Given information:
______________________________

lemma convex_combination_eq_0_iff:
  fixes A B :: real
  shows "(\<exists>u. 0 \<le> u \<and> u \<le> 1 \<and> (1 - u) * A + u * B = 0) \<longleftrightarrow> A * B \<le> 0"
proof
  assume "\<exists>u. 0 \<le> u \<and> u \<le> 1 \<and> (1 - u) * A + u * B = 0"
  then obtain u where u: "0 \<le> u" "u \<le> 1" "(1 - u) * A + u * B = 0" by blast
  have "A * B = ((1 - u) * A + u * B) * (A + B) - (u * B\<^sup>2 + (1 - u) * A\<^sup>2)"
    by (simp add: algebra_simps power2_eq_square)
  moreover have "0 \<le> u * B\<^sup>2 + (1 - u) * A\<^sup>2"
    using u by (intro add_nonneg_nonneg mult_nonneg_nonneg) auto
  ultimately show "A * B \<le> 0" using u(3) by simp
next
  assume AB: "A * B \<le> 0"
  show "\<exists>u. 0 \<le> u \<and> u \<le> 1 \<and> (1 - u) * A + u * B = 0"
  proof (cases "A = B")
    case True
    with AB have "A = 0" by (auto simp: mult_le_0_iff)
    with True show ?thesis by (intro exI[of _ 0]) simp
  next
    case False
    have "0 \<le> A / (A - B) \<and> A / (A - B) \<le> 1"
      using AB False by (cases "A < B") (auto simp: mult_le_0_iff divide_simps)
    moreover have "(1 - A / (A - B)) * A + A / (A - B) * B = 0"
      using False by (simp add: field_simps)
    ultimately show ?thesis by blast
  qed
qed
(* Let $\alpha\in\mathbb{N}_0$ and let $L_{2\alpha+4,x}^{\alpha}y(x)=(-1)^{\alpha+1}e^x x\,D_x^{\alpha+2}\{e^{-x}D_x^{\alpha+2}[x^{\alpha+1}y(x)]\}$. Then for all $y,u\in C^{(2\alpha+4)}(0,\infty)$ and $x>0$: $$L_{2\alpha+4,x}^{\alpha}y(x)=(-1)^{\alpha+1}\prod_{j=0}^{\alpha+1}\Big\{L_{2,x}^{\alpha}-\frac{\alpha+1}{x}-j\Big\}y(x),\qquad L_{2\alpha+4,x}^{\alpha}[xu(x)]=(-1)^{\alpha+1}x\prod_{j=0}^{\alpha+1}\big\{L_{2,x}^{\alpha+2}-j-1\big\}u(x),$$ and $$L_{2\alpha+4,x}^{\alpha}y(x)=(-1)^{\alpha+1}\prod_{j=0}^{\alpha+1}\Big\{L_{2,x}^{2j-1}-\frac{2j}{x}-j\Big\}y(x),\qquad L_{2\alpha+4,x}^{\alpha}[xu(x)]=(-1)^{\alpha+1}x\prod_{j=0}^{\alpha+1}\big\{L_{2,x}^{2j+1}-j-1\big\}u(x).$$
   Context: $D_x^i$ is the $i$-fold derivative. For real $\gamma$ (including $\gamma=-1$), $L_{2,x}^{\gamma}=xD_x^2+(\gamma+1-x)D_x$ (so $L_{2,x}^{-1}=x[D_x^2-D_x]$); terms like $-\frac{c}{x}$ act as multiplication operators. The product $\prod_{j=0}^{\alpha+1}\{A_j\}$ of differential expressions is non-commutative and means $A_{\alpha+1}A_{\alpha}\cdots A_1A_0$, i.e. the factors are applied successively to the function on the right in order $j=0,1,\dots,\alpha+1$. *)

theory Defs
  imports "HOL-Analysis.Analysis"
begin

abbreviation Dr :: "(real \<Rightarrow> real) \<Rightarrow> real \<Rightarrow> real" where
  "Dr \<equiv> deriv"

definition C_k_on :: "nat \<Rightarrow> real set \<Rightarrow> (real \<Rightarrow> real) \<Rightarrow> bool" where
  "C_k_on k S f \<longleftrightarrow>
     (\<forall>j<k. \<forall>x\<in>S. ((Dr ^^ j) f) differentiable (at x)) \<and>
     continuous_on S ((Dr ^^ k) f)"

definition L2 :: "real \<Rightarrow> (real \<Rightarrow> real) \<Rightarrow> real \<Rightarrow> real" where
  "L2 \<gamma> f = (\<lambda>x. x * (Dr ^^ 2) f x + (\<gamma> + 1 - x) * deriv f x)"

text \<open>Non-commutative product of operators: opprod A n = A (n-1) o ... o A 1 o A 0,
  i.e. A 0 is applied first.\<close>
primrec opprod :: "(nat \<Rightarrow> (real \<Rightarrow> real) \<Rightarrow> real \<Rightarrow> real) \<Rightarrow> nat \<Rightarrow> (real \<Rightarrow> real) \<Rightarrow> real \<Rightarrow> real" where
  "opprod A 0 f = f"
| "opprod A (Suc n) f = A n (opprod A n f)"

definition Lhigh :: "nat \<Rightarrow> (real \<Rightarrow> real) \<Rightarrow> real \<Rightarrow> real" where
  "Lhigh \<alpha> y = (\<lambda>x. (-1) ^ (\<alpha> + 1) * exp x * x *
      (Dr ^^ (\<alpha> + 2)) (\<lambda>t. exp (- t) * (Dr ^^ (\<alpha> + 2)) (\<lambda>s. s ^ (\<alpha> + 1) * y s) t) x)"

end

theory Submission
  imports Defs
begin

text \<open>
  Since x^(\<alpha>+1) (x u) = x^(\<alpha>+2) u and e^x D^n e^(-x) = (D - 1)^n, the operator applied
  to x u is (-1)^(\<alpha>+1) x T_(\<alpha>+2) u with T_n u = (D - 1)^n D^n [x^n u]. The Leibniz rule
  D^(n+1) [x w] = x D^(n+1) w + (n+1) D^n w and the commutation
  (D - 1)(L_2^\<gamma> - c) = (L_2^(\<gamma>+1) - c)(D - 1) give T_(n+1) = (L_2^(2n+1) - n - 1) T_n,
  which is the fourth identity. The commutation
  (L_2^a - m - 2)(L_2^(a+m) - m - 1) = (L_2^(a+m+1) - m - 2)(L_2^(a-1) - m - 1)
  reorders that product into the one with constant parameter \<alpha> + 2, the second identity.
  Finally, writing y = x v, the conjugation
  L_2^\<gamma> [x v] - (\<gamma>+1) v - c x v = x (L_2^(\<gamma>+2) - c - 1) v
  reduces the first and third identities to the second and fourth.
\<close>

section \<open>Higher derivatives on open sets\<close>

definition differentiable_upto :: "nat \<Rightarrow> real set \<Rightarrow> (real \<Rightarrow> real) \<Rightarrow> bool" where
  "differentiable_upto k S f \<longleftrightarrow> (\<forall>j<k. \<forall>x\<in>S. (deriv ^^ j) f differentiable (at x))"

lemma C_k_on_imp_differentiable_upto: "C_k_on k S f \<Longrightarrow> differentiable_upto k S f"
  by (simp add: C_k_on_def differentiable_upto_def)

lemma higher_deriv_Suc: "(deriv ^^ Suc j) f = (deriv ^^ j) (deriv f)"
  by (simp add: funpow_Suc_right del: funpow.simps)

lemma differentiable_upto_0 [simp]: "differentiable_upto 0 S f"
  by (simp add: differentiable_upto_def)

lemma differentiable_upto_Suc:
  "differentiable_upto (Suc k) S f \<longleftrightarrow>
     (\<forall>x\<in>S. f differentiable (at x)) \<and> differentiable_upto k S (deriv f)"
  unfolding differentiable_upto_def
  by (auto simp: less_Suc_eq_0_disj higher_deriv_Suc simp del: funpow.simps)

lemma differentiable_upto_mono: "differentiable_upto k S f \<Longrightarrow> j \<le> k \<Longrightarrow> differentiable_upto j S f"
  by (auto simp: differentiable_upto_def)

lemma differentiable_upto_higher_deriv:
  "differentiable_upto (k + m) S f \<Longrightarrow> differentiable_upto k S ((deriv ^^ m) f)"
proof (induction m arbitrary: k)
  case (Suc m)
  then have "differentiable_upto (Suc k) S ((deriv ^^ m) f)" by simp
  then show ?case by (simp add: differentiable_upto_Suc)
qed simp

lemma has_real_derivative_higher_deriv:
  "differentiable_upto k S f \<Longrightarrow> j < k \<Longrightarrow> x \<in> S \<Longrightarrow>
     ((deriv ^^ j) f has_real_derivative (deriv ^^ Suc j) f x) (at x)"
  by (simp add: differentiable_upto_def DERIV_deriv_iff_real_differentiable)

______________________________

Would you please copy, word for word, everything above from the line containing "real) \<Rightarrow> nat" down to the line containing "Since x^(\<alpha>+1) (x", those two lines included?

primrec opprod :: "(nat \<Rightarrow> (real \<Rightarrow> real) \<Rightarrow> real \<Rightarrow> real) \<Rightarrow> nat \<Rightarrow> (real \<Rightarrow> real) \<Rightarrow> real \<Rightarrow> real" where
  "opprod A 0 f = f"
| "opprod A (Suc n) f = A n (opprod A n f)"

definition Lhigh :: "nat \<Rightarrow> (real \<Rightarrow> real) \<Rightarrow> real \<Rightarrow> real" where
  "Lhigh \<alpha> y = (\<lambda>x. (-1) ^ (\<alpha> + 1) * exp x * x *
      (Dr ^^ (\<alpha> + 2)) (\<lambda>t. exp (- t) * (Dr ^^ (\<alpha> + 2)) (\<lambda>s. s ^ (\<alpha> + 1) * y s) t) x)"

end

theory Submission
  imports Defs
begin

text \<open>
  Since x^(\<alpha>+1) (x u) = x^(\<alpha>+2) u and e^x D^n e^(-x) = (D - 1)^n, the operator applied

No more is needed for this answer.